The shaded bench was inviting. ‘Bonjour, madame,’ I said. ‘Your dog is very sweet. May I pet her?’
‘Bonjour,’ she answered in delicate French, her voice tremulous with age as she peered up at me. ‘Do I know you? My eyes … I don’t see well any longer.’
‘No, madame. You don’t know me. I’m Mademoiselle O’Shea,’ I said, sitting beside her.
‘l am Madame Odette. This is Loulou,’ she added, and the little dog looked up at her, its mouth slightly open, its pink tongue curled up on the end, vibrating as it panted in the heat.
‘Are you enjoying the gardens?’ I asked.
She smiled, almost merrily. ‘Oh yes, my dear. I come every day. My son brings me after our noon meal, and picks me up at five. Is it nearly five?’
‘I believe so, madame. Do you live nearby?’ I reached towards Loulou, but one corner of her tiny lip lifted in warning, and I withdrew my hand.
‘Yes. I have lived in Marrakesh for a number of years. Now I stay with my son and daughter-in-law. My husband was in the Foreign Legion, you know. He died many years ago.’

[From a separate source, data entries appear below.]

(* Let $A$ be a Lie conformal algebra and $M$ an $A$-module with a commutative associative product such that $\partial^M$ and all $a_\lambda$ act by derivations. For every $\xi\in\tilde\Gamma_1(A,M)$, the contraction $\iota_\xi$ is an odd derivation of degree $-1$ of the superalgebra $(\tilde\Gamma^\bullet(A,M),\wedge)$: $\iota_\xi(\tilde\alpha\wedge\tilde\beta)=\iota_\xi(\tilde\alpha)\wedge\tilde\beta+(-1)^h\tilde\alpha\wedge\iota_\xi(\tilde\beta)$ for $\tilde\alpha\in\tilde\Gamma^h$, $\tilde\beta\in\tilde\Gamma^k$.
   Context: $\mathbb F$ field of characteristic 0. $\tilde\Gamma^k$: $\mathbb F$-linear $\tilde\gamma:A^{\otimes k}\to\mathbb F[\lambda_1..\lambda_k]\otimes M$ with $\tilde\gamma(..,\partial a_i,..)=-\lambda_i\tilde\gamma(..)$ and skew-symmetric under simultaneous permutation of $a_i$ and $\lambda_i$ ($\tilde\Gamma^0=M$). Exterior product: $(\tilde\alpha\wedge\tilde\beta)_{\lambda_1..\lambda_{h+k}}(a_1..a_{h+k})=\sum_{\sigma\in S_{h+k}}\frac{\mathrm{sign}\sigma}{h!k!}\tilde\alpha_{\lambda_{\sigma(1)}..\lambda_{\sigma(h)}}(a_{\sigma(1)}..a_{\sigma(h)})\tilde\beta_{\lambda_{\sigma(h+1)}..\lambda_{\sigma(h+k)}}(a_{\sigma(h+1)}..a_{\sigma(h+k)})$. $\tilde\Gamma_1$: quotient of $A\otimes\mathrm{Hom}_{\mathbb F}(\mathbb F[\lambda],M)$ by $\partial a\otimes\phi=-a\otimes\lambda^*\phi$, $(\lambda^*\phi)(f)=\phi(\lambda f)$. For $\xi$ represented by $a_1\otimes\phi$: $(\iota_\xi\tilde\gamma)_{\lambda_2..\lambda_k}(a_2..a_k)=\phi^\mu(\tilde\gamma_{\lambda_1,..,\lambda_k}(a_1,..,a_k))$, where $\phi^\mu(f(\lambda_1)\otimes m)=\phi(f)m$ coefficientwise in $\lambda_2,..,\lambda_k$; $\iota_\xi=0$ on $\tilde\Gamma^0$. *)

theory Defs
  imports Complex_Main "HOL-Library.Poly_Mapping" "HOL-Combinatorics.Permutations"
begin

text \<open>The field F is a type 'f of class field_char_0.
  F[lambda] (x) V is encoded as nat =>0 V (coefficient of lambda^n).
  F[lambda_0 .. lambda_(k-1)] (x) M is encoded as (nat =>0 nat) =>0 M
  (coefficient of the monomial with exponent vector e); variables are 0-indexed.\<close>

type_synonym 'v mpoly = "(nat \<Rightarrow>\<^sub>0 nat) \<Rightarrow>\<^sub>0 'v"
(* Let $P_1,\dots,P_N$ be orthogonal projections on a finite-dimensional complex Hilbert space, and let $\delta\in[0,1]$, $\alpha\in[0,1]$. Suppose that for at least $\delta N^2$ of the ordered pairs $(j,\ell)\in[N]^2$ one has $\|P_jP_\ell\|_{\mathrm{op}}\le\alpha$. Then \[ \left\|\frac1N\sum_{j=1}^NP_j\right\|_{\mathrm{op}}\le1-\frac\delta2(1-\alpha). \]
   Context: $\|\cdot\|_{\mathrm{op}}$ denotes the operator norm; ordered pairs in $[N]^2$ include the diagonal pairs $(j,j)$. *)

theory Defs
  imports "HOL-Analysis.Analysis"
begin

text \<open>A finite-dimensional complex Hilbert space is modelled as \<open>complex ^ 'n\<close>
  (with its standard Euclidean inner product / norm); operators are matrices
  \<open>complex ^ 'n ^ 'n\<close> acting by \<open>*v\<close>.\<close>

definition cadjoint :: "complex ^ 'n ^ 'm \<Rightarrow> complex ^ 'm ^ 'n" where
  "cadjoint A = (\<chi> i j. cnj (A $ j $ i))"

definition orth_proj :: "complex ^ 'n ^ 'n \<Rightarrow> bool" where
  "orth_proj P \<longleftrightarrow> P ** P = P \<and> cadjoint P = P"

definition opnorm :: "complex ^ 'n ^ 'm \<Rightarrow> real" where
  "opnorm A = onorm (\<lambda>x. A *v x)"

end

theory Submission
  imports Defs
begin

text \<open>For a unit vector \<open>x\<close>, \<open>\<parallel>\<Sum>\<^sub>j P\<^sub>j x\<parallel>\<^sup>2\<close> is the sum over all \<open>N\<^sup>2\<close> ordered pairs of
  \<open>Re \<langle>P\<^sub>j x, P\<^sub>l x\<rangle> = Re \<langle>x, P\<^sub>j P\<^sub>l x\<rangle>\<close>. Every term is at most 1, and at most \<open>\<alpha>\<close> for the
  \<open>\<delta>N\<^sup>2\<close> good pairs, so the average of the projections has squared norm at most
  \<open>1 - \<delta>(1 - \<alpha>)\<close>; finally \<open>sqrt (1 - t) \<le> 1 - t/2\<close>.\<close>

lemma scaleR_matrix_vector_mult:
  fixes A :: "'a::real_algebra_1 ^ 'n ^ 'm"
  shows "(c *\<^sub>R A) *v x = c *\<^sub>R (A *v x)"
  by (simp add: vec_eq_iff matrix_vector_mult_def scaleR_sum_right)

lemma sum_matrix_vector_mult:
  fixes A :: "'i \<Rightarrow> 'a::semiring_1 ^ 'n ^ 'm"
  shows "(\<Sum>j\<in>S. A j) *v x = (\<Sum>j\<in>S. A j *v x)"
  by (induction S rule: infinite_finite_induct) (auto simp: matrix_vector_mult_add_rdistrib)

lemma inner_matrix_vector_mult_cadjoint:
  fixes A :: "complex ^ 'n ^ 'm"
  shows "inner (A *v x) y = inner x (cadjoint A *v y)"
proof -
  have inner_complex: "inner a b = Re (a * cnj b)" for a b :: complex
    by (simp add: inner_complex_def)
  have "inner (A *v x) y = Re (\<Sum>i\<in>UNIV. \<Sum>j\<in>UNIV. A$i$j * x$j * cnj (y$i))"
    by (simp add: inner_vec_def inner_complex matrix_vector_mult_def sum_distrib_right Re_sum)
  also have "\<dots> = Re (\<Sum>j\<in>UNIV. \<Sum>i\<in>UNIV. A$i$j * x$j * cnj (y$i))"
    by (subst sum.swap) simp
  also have "\<dots> = inner x (cadjoint A *v y)"
    by (simp add: inner_vec_def inner_complex matrix_vector_mult_def cadjoint_def
        sum_distrib_left Re_sum mult_ac)
  finally show ?thesis .
qed

lemma norm_matrix_vector_mult_le_opnorm:
  fixes A :: "complex ^ 'n ^ 'm"
  shows "norm (A *v x) \<le> opnorm A * norm x"
  unfolding opnorm_def by (rule onorm[OF matrix_vector_mul_bounded_linear])

lemma opnorm_le_sqrt:
  fixes A :: "complex ^ 'n ^ 'm"
  assumes "\<And>x. (norm (A *v x))\<^sup>2 \<le> c * (norm x)\<^sup>2"
  shows "opnorm A \<le> sqrt c"
  unfolding opnorm_def
proof (rule onorm_le)
  fix x
  have "norm (A *v x) \<le> sqrt (c * (norm x)\<^sup>2)"
    using assms by (rule real_le_rsqrt)
  then show "norm (A *v x) \<le> sqrt c * norm x"
    by (simp add: real_sqrt_mult)
qed

lemma orth_proj_inner_commute:
  assumes "orth_proj P"
  shows "inner (P *v x) y = inner x (P *v y)"
  using assms inner_matrix_vector_mult_cadjoint[of P] by (simp add: orth_proj_def)

lemma norm_orth_proj_le:
  assumes "orth_proj P"
  shows "norm (P *v x) \<le> norm x"
proof -
  have "norm (P *v x) ^ 2 = inner x (P *v (P *v x))"
    by (simp add: power2_norm_eq_inner orth_proj_inner_commute[OF assms])
  also have "\<dots> = inner x (P *v x)"
    using assms by (simp add: matrix_vector_mul_assoc orth_proj_def)
  also have "\<dots> \<le> norm x * norm (P *v x)"
    by (rule norm_cauchy_schwarz)
  finally have "norm (P *v x) * norm (P *v x) \<le> norm x * norm (P *v x)"
    by (simp add: power2_eq_square)
  then show ?thesis
    by (cases "P *v x = 0") simp_all
qed

lemma inner_orth_proj_pair_le_opnorm:
  assumes "orth_proj P"
  shows "inner (P *v x) (Q *v x) \<le> opnorm (P ** Q) * (norm x)\<^sup>2"
proof -
  have "inner (P *v x) (Q *v x) = inner x ((P ** Q) *v x)"
    by (simp add: orth_proj_inner_commute[OF assms] matrix_vector_mul_assoc)
  also have "\<dots> \<le> norm x * norm ((P ** Q) *v x)"
    by (rule norm_cauchy_schwarz)
  also have "\<dots> \<le> norm x * (opnorm (P ** Q) * norm x)"
    by (intro mult_left_mono norm_matrix_vector_mult_le_opnorm) simp
  finally show ?thesis
    by (simp add: power2_eq_square mult_ac)
qed

lemma inner_orth_proj_pair_le:
  assumes "orth_proj P" "orth_proj Q"
  shows "inner (P *v x) (Q *v x) \<le> (norm x)\<^sup>2"
proof -
  have "inner (P *v x) (Q *v x) \<le> norm (P *v x) * norm (Q *v x)"
    by (rule norm_cauchy_schwarz)
  also have "\<dots> \<le> norm x * norm x"
    using assms by (intro mult_mono norm_orth_proj_le) simp_all
  finally show ?thesis
    by (simp add: power2_eq_square)
qed

lemma sum_le_two_bounds:
  fixes f :: "'a \<Rightarrow> real"
  assumes "finite A" "G \<subseteq> A"
    and "\<And>p. p \<in> A \<Longrightarrow> f p \<le> b" "\<And>p. p \<in> G \<Longrightarrow> f p \<le> a"
  shows "sum f A \<le> b * real (card A) - (b - a) * real (card G)"
proof -
  have "finite G"
    using assms(1,2) finite_subset by blast
  have "sum f A = sum f G + sum f (A - G)"
    using assms(1,2) by (metis sum.subset_diff add.commute)
  also have "\<dots> \<le> (\<Sum>p\<in>G. a) + (\<Sum>p\<in>A - G. b)"
    using assms(3,4) by (intro add_mono sum_mono) auto
  also have "\<dots> = b * real (card A) - (b - a) * real (card G)"
    using assms(1,2) \<open>finite G\<close>
    by (simp add: card_Diff_subset of_nat_diff card_mono algebra_simps)
  finally show ?thesis .
qed

lemma power2_norm_sum:
  fixes v :: "'a \<Rightarrow> 'b::real_inner"
  shows "(norm (sum v S))\<^sup>2 = (\<Sum>j\<in>S. \<Sum>l\<in>S. inner (v j) (v l))"
  unfolding power2_norm_eq_inner inner_sum_left inner_sum_right by (rule sum.swap)

lemma power2_norm_sum_orth_proj_le:
  assumes "finite S" "\<And>j. j \<in> S \<Longrightarrow> orth_proj (P j)"
    and "G \<subseteq> S \<times> S" "\<And>j l. (j, l) \<in> G \<Longrightarrow> opnorm (P j ** P l) \<le> \<alpha>"
  shows "(norm (\<Sum>j\<in>S. P j *v x))\<^sup>2
           \<le> (real (card S) ^ 2 - (1 - \<alpha>) * real (card G)) * (norm x)\<^sup>2"
proof -
  have "(norm (\<Sum>j\<in>S. P j *v x))\<^sup>2 = (\<Sum>(j, l)\<in>S \<times> S. inner (P j *v x) (P l *v x))"
    by (simp add: power2_norm_sum sum.cartesian_product)
  also have "\<dots> \<le> (norm x)\<^sup>2 * real (card (S \<times> S)) - ((norm x)\<^sup>2 - \<alpha> * (norm x)\<^sup>2) * real (card G)"
  proof (rule sum_le_two_bounds)
    show "(\<lambda>(j, l). inner (P j *v x) (P l *v x)) p \<le> (norm x)\<^sup>2" if "p \<in> S \<times> S" for p
      using that assms(2) by (auto intro: inner_orth_proj_pair_le split: prod.splits)
    show "(\<lambda>(j, l). inner (P j *v x) (P l *v x)) p \<le> \<alpha> * (norm x)\<^sup>2" if "p \<in> G" for p
    proof (cases p)
      case (Pair j l)
      then have "inner (P j *v x) (P l *v x) \<le> opnorm (P j ** P l) * (norm x)\<^sup>2"
        using that assms(2,3) inner_orth_proj_pair_le_opnorm by blast
      also have "\<dots> \<le> \<alpha> * (norm x)\<^sup>2"
        using that Pair assms(4) by (intro mult_right_mono) simp_all
      finally show ?thesis
        using Pair by simp
    qed
  qed (use assms in auto)
  also have "\<dots> = (real (card S) ^ 2 - (1 - \<alpha>) * real (card G)) * (norm x)\<^sup>2"
    by (simp add: card_cartesian_product power2_eq_square algebra_simps)
  finally show ?thesis .
qed

lemma sqrt_one_minus_le:
  fixes t :: real
  assumes "t \<le> 2"
  shows "sqrt (1 - t) \<le> 1 - t / 2"
  using assms by (intro real_le_lsqrt) (simp_all add: power2_eq_square algebra_simps)

theorem lemma4p13:
  fixes P :: "nat \<Rightarrow> complex ^ 'n ^ 'n"
    and N :: nat and \<delta> \<alpha> :: real
  assumes proj: "\<And>j. j \<in> {1..N} \<Longrightarrow> orth_proj (P j)"
    and delta: "0 \<le> \<delta>" "\<delta> \<le> 1"
    and alpha: "0 \<le> \<alpha>" "\<alpha> \<le> 1"
    and pairs: "\<delta> * real N ^ 2 \<le>
      real (card {(j, l). j \<in> {1..N} \<and> l \<in> {1..N} \<and> opnorm (P j ** P l) \<le> \<alpha>})"
  shows "opnorm ((1 / real N) *\<^sub>R (\<Sum>j = 1..N. P j))
           \<le> 1 - \<delta> / 2 * (1 - \<alpha>)"
proof -
  define G where "G = {(j, l). j \<in> {1..N} \<and> l \<in> {1..N} \<and> opnorm (P j ** P l) \<le> \<alpha>}"
  define t where "t = \<delta> * (1 - \<alpha>)"
  have "t \<le> 1"
    using delta alpha by (simp add: t_def mult_le_one)
  have "(1 - \<alpha>) * (\<delta> * real N ^ 2) \<le> (1 - \<alpha>) * real (card G)"
    using pairs alpha unfolding G_def by (intro mult_left_mono) simp_all
  then have count: "real N ^ 2 - (1 - \<alpha>) * real (card G) \<le> (1 - t) * real N ^ 2"
    by (simp add: t_def algebra_simps)
  have "(norm (((1 / real N) *\<^sub>R (\<Sum>j = 1..N. P j)) *v x))\<^sup>2 \<le> (1 - t) * (norm x)\<^sup>2" for x
  proof -
    have "(norm (((1 / real N) *\<^sub>R (\<Sum>j = 1..N. P j)) *v x))\<^sup>2
            = (norm (\<Sum>j = 1..N. P j *v x))\<^sup>2 / real N ^ 2"
      by (simp add: scaleR_matrix_vector_mult sum_matrix_vector_mult power_mult_distrib power_divide)
    also have "\<dots> \<le> (real (card {1..N}) ^ 2 - (1 - \<alpha>) * real (card G)) * (norm x)\<^sup>2 / real N ^ 2"
      by (intro divide_right_mono power2_norm_sum_orth_proj_le) (auto simp: G_def proj)
    also have "\<dots> \<le> (1 - t) * real N ^ 2 * (norm x)\<^sup>2 / real N ^ 2"
      using count by (intro divide_right_mono mult_right_mono) simp_all
    also have "\<dots> \<le> (1 - t) * (norm x)\<^sup>2"
      using \<open>t \<le> 1\<close> by (cases "N = 0") simp_all
    finally show ?thesis .
  qed
  then have "opnorm ((1 / real N) *\<^sub>R (\<Sum>j = 1..N. P j)) \<le> sqrt (1 - t)"
    by (rule opnorm_le_sqrt)
  also have "\<dots> \<le> 1 - \<delta> / 2 * (1 - \<alpha>)"
    using sqrt_one_minus_le[of t] \<open>t \<le> 1\<close> by (simp add: t_def)
  finally show ?thesis .
qed

end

She stopped, looking into the distance. Loulou yawned, shifting, in the old woman’s lap.
Madame Odette refocused on me. ‘But she is unpleasant, my daughter-in-law. Every day some difficulty. I grow weary, listening to her tell my son what to do, and complain about this and that. So I come here, and enjoy the garden.’ She looked towards a stand of bamboo. ‘My son brings me here,’ she repeated. ‘Nobody bothers me, and I do not have to hear my daughter-in-law’s voice. Loulou and I spend many hours amidst the trees and flowers.’
I nodded, leaning down to pick up a fallen bougainvillea blossom and looking into its deep red centre.
‘And you, mademoiselle? You live in Marrakesh as well?’ Madame Odette asked.